Let $D$ be a divisor with normal crossings on some smooth projective (complex algebraic) variety $X$ of dimension $n$. Let $$\Omega^p_X(\log D)=\Lambda^p \Omega^1_X(\log D)$$ be the sheaf of differentials forms with logarithmic poles le long de $D$.

Question: why is it true that $H^q(X, \Omega_X^p(\log D))$ and $H^{n-q}(X, \Omega_X^{n-p}(\log D)(-D))$ are Serre duals?

In general, Serre duality gives

$$H^q(X, \mathcal{F}) \simeq H^{n-q}(X, \mathcal{F}^\vee \otimes \Omega^n_X)^\vee$$

I guess one has to use that $\Omega^n_X$ is isomorphic to $\Omega^n_X(\log D)(-D)$ but I don't see how to put things together.
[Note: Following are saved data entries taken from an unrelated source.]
definition sq_functor ::
  "('o1, 'h1, 'v1) sqcat \<Rightarrow> ('o2, 'h2, 'v2) sqcat \<Rightarrow>
   ('o1 \<Rightarrow> 'o2) \<Rightarrow> ('h1 \<Rightarrow> 'h2) \<Rightarrow> ('v1 \<Rightarrow> 'v2) \<Rightarrow> bool" where
  "sq_functor C D Fo Fh Fv \<longleftrightarrow>
     (\<forall>A\<in>Ob C. Fo A \<in> Ob D) \<and>
     (\<forall>f\<in>Hor C. Fh f \<in> Hor D \<and> hdom D (Fh f) = Fo (hdom C f) \<and> hcod D (Fh f) = Fo (hcod C f)) \<and>
     (\<forall>u\<in>Ver C. Fv u \<in> Ver D \<and> vdom D (Fv u) = Fo (vdom C u) \<and> vcod D (Fv u) = Fo (vcod C u)) \<and>
     (\<forall>A\<in>Ob C. Fh (hid C A) = hid D (Fo A) \<and> Fv (vid C A) = vid D (Fo A)) \<and>
     (\<forall>f\<in>Hor C. \<forall>g\<in>Hor C. hcod C f = hdom C g \<longrightarrow> Fh (hcomp C g f) = hcomp D (Fh g) (Fh f)) \<and>
     (\<forall>u\<in>Ver C. \<forall>w\<in>Ver C. vcod C u = vdom C w \<longrightarrow> Fv (vcomp C w u) = vcomp D (Fv w) (Fv u)) \<and>
     (\<forall>t l r b. Sq C t l r b \<longrightarrow> Sq D (Fh t) (Fv l) (Fv r) (Fh b)) \<and>
     Fo (Zero C) = Zero D"

definition vertical_nat_trans ::
  "('o1, 'h1, 'v1) sqcat \<Rightarrow> ('o2, 'h2, 'v2) sqcat \<Rightarrow>
   ('o1 \<Rightarrow> 'o2) \<Rightarrow> ('h1 \<Rightarrow> 'h2) \<Rightarrow> ('v1 \<Rightarrow> 'v2) \<Rightarrow>
   ('o1 \<Rightarrow> 'o2) \<Rightarrow> ('h1 \<Rightarrow> 'h2) \<Rightarrow> ('v1 \<Rightarrow> 'v2) \<Rightarrow> ('o1 \<Rightarrow> 'v2) \<Rightarrow> bool" where
  "vertical_nat_trans C D Fo Fh Fv Go Gh Gv \<eta> \<longleftrightarrow>
     (\<forall>A\<in>Ob C. \<eta> A \<in> Ver D \<and> vdom D (\<eta> A) = Fo A \<and> vcod D (\<eta> A) = Go A) \<and>
     (\<forall>f\<in>Hor C. Sq D (Fh f) (\<eta> (hdom C f)) (\<eta> (hcod C f)) (Gh f)) \<and>
     (\<forall>u\<in>Ver C. vcomp D (\<eta> (vcod C u)) (Fv u) = vcomp D (Gv u) (\<eta> (vdom C u)))"
lemma mat2_apply:
  "blinfun_apply (mat2 a b c d) v = vector [a * v$1 + b * v$2, c * v$1 + d * v$2]"
  unfolding mat2_def by (simp add: bounded_linear_Blinfun_apply[OF bounded_linear_mat2])

lemma mat2_apply_1 [simp]: "blinfun_apply (mat2 a b c d) v $ 1 = a * v$1 + b * v$2"
  and mat2_apply_2 [simp]: "blinfun_apply (mat2 a b c d) v $ 2 = c * v$1 + d * v$2"
  by (simp_all add: mat2_apply)

lemma mat2_eq_units:
  "mat2 a b c d = a *\<^sub>R mat2 1 0 0 0 + b *\<^sub>R mat2 0 1 0 0 + c *\<^sub>R mat2 0 0 1 0 + d *\<^sub>R mat2 0 0 0 1"
  by (rule blinfun_eqI) (simp add: vec_eq_iff forall_2 plus_blinfun.rep_eq scaleR_blinfun.rep_eq)

lemma mat2_diff: "mat2 a b c d - mat2 a' b' c' d' = mat2 (a - a') (b - b') (c - c') (d - d')"
  by (rule blinfun_eqI) (simp add: vec_eq_iff forall_2 minus_blinfun.rep_eq algebra_simps)

lemma norm_vec2_le: "norm (v::real^2) \<le> \<bar>v$1\<bar> + \<bar>v$2\<bar>"
  using norm_le_l1_cart[of v] by (simp add: UNIV_2)

lemma norm_vector2_le: "norm (vector [a, b] :: real^2) \<le> \<bar>a\<bar> + \<bar>b\<bar>"
  using norm_vec2_le[of "vector [a, b]"] by simp

lemma inner_vec2: "(x::real^2) \<bullet> y = x$1 * y$1 + x$2 * y$2"
  by (simp add: inner_vec_def UNIV_2)

lemma norm_mat2_le: "norm (mat2 a b c d) \<le> \<bar>a\<bar> + \<bar>b\<bar> + \<bar>c\<bar> + \<bar>d\<bar>"
proof (rule norm_blinfun_bound)
  show "0 \<le> \<bar>a\<bar> + \<bar>b\<bar> + \<bar>c\<bar> + \<bar>d\<bar>" by simp
  fix v :: "real^2"
  have n: "\<bar>v$1\<bar> \<le> norm v" "\<bar>v$2\<bar> \<le> norm v" by (rule component_le_norm_cart)+
  have "norm (blinfun_apply (mat2 a b c d) v) \<le> \<bar>a * v$1 + b * v$2\<bar> + \<bar>c * v$1 + d * v$2\<bar>"
    using norm_vec2_le[of "blinfun_apply (mat2 a b c d) v"] by simp
  also have "\<dots> \<le> (\<bar>a\<bar> * \<bar>v$1\<bar> + \<bar>b\<bar> * \<bar>v$2\<bar>) + (\<bar>c\<bar> * \<bar>v$1\<bar> + \<bar>d\<bar> * \<bar>v$2\<bar>)"
    by (intro add_mono) (auto intro: order_trans[OF abs_triangle_ineq] simp: abs_mult)
  also have "\<dots> \<le> (\<bar>a\<bar> * norm v + \<bar>b\<bar> * norm v) + (\<bar>c\<bar> * norm v + \<bar>d\<bar> * norm v)"
    by (intro add_mono mult_left_mono n) auto
  finally show "norm (blinfun_apply (mat2 a b c d) v) \<le> (\<bar>a\<bar> + \<bar>b\<bar> + \<bar>c\<bar> + \<bar>d\<bar>) * norm v"
    by (simp add: algebra_simps)
qed

lemma continuous_on_mat2:
  assumes "continuous_on S f1" "continuous_on S f2" "continuous_on S f3" "continuous_on S f4"
  shows "continuous_on S (\<lambda>x. mat2 (f1 x) (f2 x) (f3 x) (f4 x))"
  by (subst mat2_eq_units) (intro continuous_on_add continuous_on_scaleR continuous_on_const assms)

definition mat2_grad ::
    "real^2 \<Rightarrow> real^2 \<Rightarrow> real^2 \<Rightarrow> real^2 \<Rightarrow> (real^2) \<Rightarrow>\<^sub>L (real^2) \<Rightarrow>\<^sub>L (real^2)" where
  "mat2_grad u1 u2 u3 u4 =
     Blinfun (\<lambda>k. (u1 \<bullet> k) *\<^sub>R mat2 1 0 0 0 + (u2 \<bullet> k) *\<^sub>R mat2 0 1 0 0 +
                  (u3 \<bullet> k) *\<^sub>R mat2 0 0 1 0 + (u4 \<bullet> k) *\<^sub>R mat2 0 0 0 1)"

lemma bounded_linear_mat2_grad:
  "bounded_linear (\<lambda>k. (u1 \<bullet> k) *\<^sub>R mat2 1 0 0 0 + (u2 \<bullet> k) *\<^sub>R mat2 0 1 0 0 +
                       (u3 \<bullet> k) *\<^sub>R mat2 0 0 1 0 + (u4 \<bullet> k) *\<^sub>R mat2 0 0 0 1)"
  by (intro bounded_linear_add bounded_linear_compose[OF bounded_linear_scaleR_left]
      bounded_linear_inner_right)

lemma mat2_grad_apply:
  "blinfun_apply (mat2_grad u1 u2 u3 u4) k = mat2 (u1 \<bullet> k) (u2 \<bullet> k) (u3 \<bullet> k) (u4 \<bullet> k)"
  unfolding mat2_grad_def bounded_linear_Blinfun_apply[OF bounded_linear_mat2_grad]
  by (subst (5) mat2_eq_units) simp

lemma norm_mat2_grad_le: "norm (mat2_grad u1 u2 u3 u4) \<le> norm u1 + norm u2 + norm u3 + norm u4"
proof (rule norm_blinfun_bound)
  show "0 \<le> norm u1 + norm u2 + norm u3 + norm u4" by simp
  fix k :: "real^2"
  have "norm (blinfun_apply (mat2_grad u1 u2 u3 u4) k) \<le>
        \<bar>u1 \<bullet> k\<bar> + \<bar>u2 \<bullet> k\<bar> + \<bar>u3 \<bullet> k\<bar> + \<bar>u4 \<bullet> k\<bar>"
    unfolding mat2_grad_apply by (rule norm_mat2_le)
  also have "\<dots> \<le> norm u1 * norm k + norm u2 * norm k + norm u3 * norm k + norm u4 * norm k"
    by (intro add_mono Cauchy_Schwarz_ineq2)
  finally show "norm (blinfun_apply (mat2_grad u1 u2 u3 u4) k) \<le>
      (norm u1 + norm u2 + norm u3 + norm u4) * norm k"
    by (simp add: algebra_simps)
qed

lemma has_derivative_mat2:
  assumes "(f1 has_derivative (\<lambda>k. u1 \<bullet> k)) F" "(f2 has_derivative (\<lambda>k. u2 \<bullet> k)) F"
      and "(f3 has_derivative (\<lambda>k. u3 \<bullet> k)) F" "(f4 has_derivative (\<lambda>k. u4 \<bullet> k)) F"
  shows "((\<lambda>x. mat2 (f1 x) (f2 x) (f3 x) (f4 x)) has_derivative
           blinfun_apply (mat2_grad u1 u2 u3 u4)) F"
proof -
  have "((\<lambda>x. f1 x *\<^sub>R mat2 1 0 0 0 + f2 x *\<^sub>R mat2 0 1 0 0 +
              f3 x *\<^sub>R mat2 0 0 1 0 + f4 x *\<^sub>R mat2 0 0 0 1)
     has_derivative (\<lambda>k. (u1 \<bullet> k) *\<^sub>R mat2 1 0 0 0 + (u2 \<bullet> k) *\<^sub>R mat2 0 1 0 0 +
                        (u3 \<bullet> k) *\<^sub>R mat2 0 0 1 0 + (u4 \<bullet> k) *\<^sub>R mat2 0 0 0 1)) F"
    by (intro has_derivative_add has_derivative_scaleR_left assms)
  then show ?thesis
    unfolding mat2_grad_def bounded_linear_Blinfun_apply[OF bounded_linear_mat2_grad]
    by (subst mat2_eq_units) simp
qed

definition rot :: "real \<Rightarrow> (real^2) \<Rightarrow>\<^sub>L (real^2)" where
  "rot t = mat2 (1 / sqrt (1 + t\<^sup>2)) (- (t / sqrt (1 + t\<^sup>2))) (t / sqrt (1 + t\<^sup>2)) (1 / sqrt (1 + t\<^sup>2))"

lemma orthogonal_transformation_rot: "orthogonal_transformation (blinfun_apply (rot t))"
proof -
  define r where "r = sqrt (1 + t\<^sup>2)"
  have r2: "r\<^sup>2 = 1 + t\<^sup>2" and rpos: "r > 0"
    unfolding r_def by (simp_all add: add_pos_nonneg)
  have "blinfun_apply (rot t) v \<bullet> blinfun_apply (rot t) w = v \<bullet> w" for v w
  proof -
    have "blinfun_apply (rot t) v \<bullet> blinfun_apply (rot t) w
        = ((v$1 - t * v$2) * (w$1 - t * w$2) + (t * v$1 + v$2) * (t * w$1 + w$2)) / r\<^sup>2"
      unfolding inner_vec2 rot_def r_def[symmetric] using rpos
      by (simp add: field_simps power2_eq_square)
    also have "\<dots> = (v$1 * w$1 + v$2 * w$2) * (1 + t\<^sup>2) / r\<^sup>2"
      by (simp add: algebra_simps power2_eq_square)
    also have "\<dots> = v \<bullet> w"
      using r2 rpos by (simp add: inner_vec2 add_nonneg_eq_0_iff)
    finally show ?thesis .
  qed
  then show ?thesis
    unfolding orthogonal_transformation_def by (simp add: blinfun.bounded_linear_right bounded_linear.linear)
qed

lemma rot_entries_close:
  assumes "\<bar>t\<bar> \<le> 1"
  shows "\<bar>1 - 1 / sqrt (1 + t\<^sup>2)\<bar> \<le> t\<^sup>2" "\<bar>t - t / sqrt (1 + t\<^sup>2)\<bar> \<le> t\<^sup>2"
proof -
  define r where "r = sqrt (1 + t\<^sup>2)"
  have r1: "1 \<le> r" unfolding r_def by simp
  have "1 + t\<^sup>2 \<le> (1 + t\<^sup>2)\<^sup>2"
    using mult_left_mono[of 1 "1 + t\<^sup>2" "1 + t\<^sup>2"] by (simp add: power2_eq_square)
  then have "r \<le> sqrt ((1 + t\<^sup>2)\<^sup>2)"
    unfolding r_def by (rule real_sqrt_le_mono)
  then have "r \<le> 1 + t\<^sup>2" by simp
  moreover have "1 * t\<^sup>2 \<le> r * t\<^sup>2" using r1 by (intro mult_right_mono) auto
  ultimately have a: "0 \<le> 1 - 1/r \<and> 1 - 1/r \<le> t\<^sup>2" using r1 by (simp add: field_simps)
  then show "\<bar>1 - 1 / sqrt (1 + t\<^sup>2)\<bar> \<le> t\<^sup>2" unfolding r_def[symmetric] by simp
  have "t - t / r = t * (1 - 1/r)" by (simp add: algebra_simps)
  then have "\<bar>t - t / r\<bar> = \<bar>t\<bar> * (1 - 1/r)" using a by (simp add: abs_mult)
  also have "\<dots> \<le> 1 * t\<^sup>2" using a assms by (intro mult_mono) auto
  finally show "\<bar>t - t / sqrt (1 + t\<^sup>2)\<bar> \<le> t\<^sup>2" unfolding r_def[symmetric] by simp
qed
Can anybody help me please?

• You have posted this question here on math.SE. Please note that crossposting between multiple SE sites is highly frowned upon. Try one site first, and if you don't get a satisfactory response, ask a moderator to migrate the question to a different site. Jul 2, 2013 at 9:33
• Sorry, I didn't know this rule Jul 2, 2013 at 10:35
• (Maybe I should use a bunch of one-off random user names for each comment in the future.) Anyway, your penultimate sentence is correct: you can check this by calculating in local coordinates. Jul 2, 2013 at 12:07
• Hi, Donu. Could you please explain me how to prove your statement? I would be thankful. Jul 2, 2013 at 12:24

To spell out Donu's comment: the wedge product $\Omega _X^p(\log D)\otimes \Omega _X^{n-p}(\log D)\rightarrow \Omega ^n_X (D)$ induces a homomorphism $w:\Omega _X^{n-p}(\log D)\rightarrow \mathcal{H}om(\Omega _X^p(\log D), \Omega ^n_X(D))$. It is an isomorphism outside $D$; to prove that it is an isomorphism it suffices to check it at a smooth point $p$ of $D$. Take coordinates $x_1,\ldots ,x_n$ so that $D$ is given by $x_1=0$ around $p$. A local basis for $\Omega _X^r(\log D)$ is given by the forms $\frac{dx_1}{x_1}\wedge dx_I$ and $dx_{J}$ with $I,J\subset [2,n]$, $\#I=r-1$ and $\#J=r$ (as usual, if $E\subset [1,n]$ consists of $e_1<\ldots <e_k$ I write $dx_E$ for $dx_{e_1}\wedge\ldots \wedge dx_{e_k}$). Now all the wedge products of an element of the first basis and an element of the second one are zero except $(\frac{dx_1}{x_1}\wedge dx_I)\wedge dx_{I^c}$ and $dx_J\wedge(\frac{dx_1}{x_1}\wedge dx_{J^c})$ which are $\pm$ the generator of $\Omega ^n_X(D)$ (here $I^c:=[2,n]\smallsetminus I$). Thus the sheaves $\Omega _X^p(\log D)$ and $\Omega _X^{n-p}(\log D)(-D)$ are Serre dual, which give your duality in cohomology.